*Task to complete*
Return the records exactly as they are.

::::

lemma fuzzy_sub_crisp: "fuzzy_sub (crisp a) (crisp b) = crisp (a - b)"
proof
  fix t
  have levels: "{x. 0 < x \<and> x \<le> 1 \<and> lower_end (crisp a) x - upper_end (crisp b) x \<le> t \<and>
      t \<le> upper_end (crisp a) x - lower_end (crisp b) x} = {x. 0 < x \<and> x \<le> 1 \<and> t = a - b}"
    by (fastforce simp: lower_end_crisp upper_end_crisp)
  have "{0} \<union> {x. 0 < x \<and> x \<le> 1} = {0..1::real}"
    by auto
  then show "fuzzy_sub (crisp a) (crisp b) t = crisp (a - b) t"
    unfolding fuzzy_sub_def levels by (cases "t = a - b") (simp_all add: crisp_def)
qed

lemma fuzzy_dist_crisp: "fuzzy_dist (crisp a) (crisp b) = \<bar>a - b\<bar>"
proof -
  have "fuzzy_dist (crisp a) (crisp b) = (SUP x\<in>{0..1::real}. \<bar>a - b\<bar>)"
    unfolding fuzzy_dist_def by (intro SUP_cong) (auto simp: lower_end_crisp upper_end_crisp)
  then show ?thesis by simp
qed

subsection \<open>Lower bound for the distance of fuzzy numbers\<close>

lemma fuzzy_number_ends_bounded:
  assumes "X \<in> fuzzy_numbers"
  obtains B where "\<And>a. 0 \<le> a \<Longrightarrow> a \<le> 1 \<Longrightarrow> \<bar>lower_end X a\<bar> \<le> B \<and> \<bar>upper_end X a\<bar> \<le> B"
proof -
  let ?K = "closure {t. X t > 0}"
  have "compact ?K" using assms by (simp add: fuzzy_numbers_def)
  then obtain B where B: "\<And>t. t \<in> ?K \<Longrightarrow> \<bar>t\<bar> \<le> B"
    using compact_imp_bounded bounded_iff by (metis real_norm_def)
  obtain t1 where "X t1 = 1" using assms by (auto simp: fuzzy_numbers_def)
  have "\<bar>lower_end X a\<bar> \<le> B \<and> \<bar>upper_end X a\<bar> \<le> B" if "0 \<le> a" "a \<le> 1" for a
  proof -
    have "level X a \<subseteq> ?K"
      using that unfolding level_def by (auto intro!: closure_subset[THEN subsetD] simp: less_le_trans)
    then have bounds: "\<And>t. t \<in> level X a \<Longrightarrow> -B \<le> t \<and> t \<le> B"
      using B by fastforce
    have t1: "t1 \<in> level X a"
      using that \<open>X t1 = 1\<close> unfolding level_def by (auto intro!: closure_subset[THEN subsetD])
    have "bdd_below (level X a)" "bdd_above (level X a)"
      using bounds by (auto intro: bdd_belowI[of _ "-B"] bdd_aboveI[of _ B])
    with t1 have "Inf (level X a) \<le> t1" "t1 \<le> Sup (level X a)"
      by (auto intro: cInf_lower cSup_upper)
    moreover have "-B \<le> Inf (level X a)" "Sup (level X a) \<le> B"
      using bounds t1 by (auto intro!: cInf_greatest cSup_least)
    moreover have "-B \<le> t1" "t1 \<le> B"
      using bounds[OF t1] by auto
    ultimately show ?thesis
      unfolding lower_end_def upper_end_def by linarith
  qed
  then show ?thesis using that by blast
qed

::::

*Solution*
lemma fuzzy_sub_crisp: "fuzzy_sub (crisp a) (crisp b) = crisp (a - b)"
proof
  fix t
  have levels: "{x. 0 < x \<and> x \<le> 1 \<and> lower_end (crisp a) x - upper_end (crisp b) x \<le> t \<and>
      t \<le> upper_end (crisp a) x - lower_end (crisp b) x} = {x. 0 < x \<and> x \<le> 1 \<and> t = a - b}"
    by (fastforce simp: lower_end_crisp upper_end_crisp)
  have "{0} \<union> {x. 0 < x \<and> x \<le> 1} = {0..1::real}"
    by auto
  then show "fuzzy_sub (crisp a) (crisp b) t = crisp (a - b) t"
    unfolding fuzzy_sub_def levels by (cases "t = a - b") (simp_all add: crisp_def)
qed

lemma fuzzy_dist_crisp: "fuzzy_dist (crisp a) (crisp b) = \<bar>a - b\<bar>"
proof -
  have "fuzzy_dist (crisp a) (crisp b) = (SUP x\<in>{0..1::real}. \<bar>a - b\<bar>)"
    unfolding fuzzy_dist_def by (intro SUP_cong) (auto simp: lower_end_crisp upper_end_crisp)
  then show ?thesis by simp
qed

subsection \<open>Lower bound for the distance of fuzzy numbers\<close>

lemma fuzzy_number_ends_bounded:
  assumes "X \<in> fuzzy_numbers"
  obtains B where "\<And>a. 0 \<le> a \<Longrightarrow> a \<le> 1 \<Longrightarrow> \<bar>lower_end X a\<bar> \<le> B \<and> \<bar>upper_end X a\<bar> \<le> B"
proof -
  let ?K = "closure {t. X t > 0}"
  have "compact ?K" using assms by (simp add: fuzzy_numbers_def)
  then obtain B where B: "\<And>t. t \<in> ?K \<Longrightarrow> \<bar>t\<bar> \<le> B"
    using compact_imp_bounded bounded_iff by (metis real_norm_def)
  obtain t1 where "X t1 = 1" using assms by (auto simp: fuzzy_numbers_def)
  have "\<bar>lower_end X a\<bar> \<le> B \<and> \<bar>upper_end X a\<bar> \<le> B" if "0 \<le> a" "a \<le> 1" for a
  proof -
    have "level X a \<subseteq> ?K"
      using that unfolding level_def by (auto intro!: closure_subset[THEN subsetD] simp: less_le_trans)
    then have bounds: "\<And>t. t \<in> level X a \<Longrightarrow> -B \<le> t \<and> t \<le> B"
      using B by fastforce
    have t1: "t1 \<in> level X a"
      using that \<open>X t1 = 1\<close> unfolding level_def by (auto intro!: closure_subset[THEN subsetD])
    have "bdd_below (level X a)" "bdd_above (level X a)"
      using bounds by (auto intro: bdd_belowI[of _ "-B"] bdd_aboveI[of _ B])
    with t1 have "Inf (level X a) \<le> t1" "t1 \<le> Sup (level X a)"
      by (auto intro: cInf_lower cSup_upper)
    moreover have "-B \<le> Inf (level X a)" "Sup (level X a) \<le> B"
      using bounds t1 by (auto intro!: cInf_greatest cSup_least)
    moreover have "-B \<le> t1" "t1 \<le> B"
      using bounds[OF t1] by auto
    ultimately show ?thesis
      unfolding lower_end_def upper_end_def by linarith
  qed
  then show ?thesis using that by blast
qed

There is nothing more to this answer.